Perhaps this is not surprising. From the very beginning we are focused on food, crying when our stomachs are empty and being rewarded with warm milk, which is accompanied by either a breast or a bottle and, usually, the familiar soothing voice of mother. Our needs are extremely basic—we want milk, dry clothes, a warm place to sleep, lots of love, and a few friendly faces to look at. At this early stage there is little separation between food, mother and love—they all tend to come at the same time and they all do much the same thing, which is make us feel good.

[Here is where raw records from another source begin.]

lemma poly_mat_one: "poly_mat C n n (\<lambda>p. 1\<^sub>m n)"
  unfolding poly_mat_def by (auto intro: poly_funs.const)

lemma poly_mat_zero: "poly_mat C n m (\<lambda>p. 0\<^sub>m n m)"
  unfolding poly_mat_def by (auto intro: poly_funs.const)

lemma pathmat_carrier:
  assumes "chain_ok Q x cs" "\<And>a. a < narrs Q \<Longrightarrow> V a \<in> carrier_mat (D (tgt Q a)) (D (src Q a))"
  shows "pathmat Q D V x cs \<in> carrier_mat (D (pend Q x cs)) (D x)"
  using assms(1)
proof (induction cs arbitrary: x)
  case Nil then show ?case by simp
next
  case (Cons a as)
  then have a: "a < narrs Q" "src Q a = x" "chain_ok Q (tgt Q a) as" by auto
  have "pathmat Q D V (tgt Q a) as \<in> carrier_mat (D (pend Q (tgt Q a) as)) (D (tgt Q a))"
    using Cons.IH a(3) by blast
  moreover have "V a \<in> carrier_mat (D (tgt Q a)) (D x)" using assms(2)[OF a(1)] a(2) by simp
  ultimately show ?case by simp
qed

lemma pend_less_nverts:
  assumes "wf_quiver Q" "x < nverts Q" "chain_ok Q x cs"
  shows "pend Q x cs < nverts Q"
  using assms(2,3) by (induction cs arbitrary: x) (use assms(1) in \<open>auto simp: wf_quiver_def\<close>)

As we grow older these needs do not change much, they just get bigger. But over time mother, food and love begin to separate: food does not always come from mother, mother does not always love, and food is used in place of love. So food remains an issue: mother cooks it and makes us feel guilty if we do not like it; we get sent to bed without food if we misbehave; or parents are absent and we are placated with food treats. Even worse is when we are in need of being held or loved and we get candy instead, simply reinforcing the belief that food and love are not only connected but also interchangeable.
For instance, Deb remembers: I was at boarding school from the age of eight. All of us would look forward each week to getting parcels sent from home: boxes of chocolate and candy. Such packages proved our parents loved us.
We use food in much the same way later in life by giving a box of chocolates as a sign of affection, such as on Valentine’s Day, or to assuage our guilt for not having visited an elderly relative sooner. Sweet food is a universal replacement for love, but where love is nurturing and makes us feel good, sweet food rots our teeth, makes us fat, and lowers our immunity.
Our eating habits and relationship to food are indicative of our relationship to ourselves and to what extent our needs for nourishment are being met, as explained in Deb’s award-winning book, Your Body Speaks Your Mind. Do you obtain nourishment through food or through love? If you feel emotionally uncared for or rejected, do you turn to food for comfort? And to what extent does your digestive system reflect this relationship?
The easiest way to become aware of your relationship to food is to keep a diary of how you are feeling as well as what and when you are eating.
- Do you only eat when you are hungry? Or do you eat when you think you are meant to, even if you are not hungry?
- Does your food depend on how you are feeling? Do you eat the same food when you are happy as when you are sad?
- Do you get cravings for certain foods at particularly emotional times or when you are around a certain person?
- Does eating make you feel emotionally satisfied and fulfilled?
- Do you deny yourself food or nourishment in the same way you deny yourself emotional nourishment?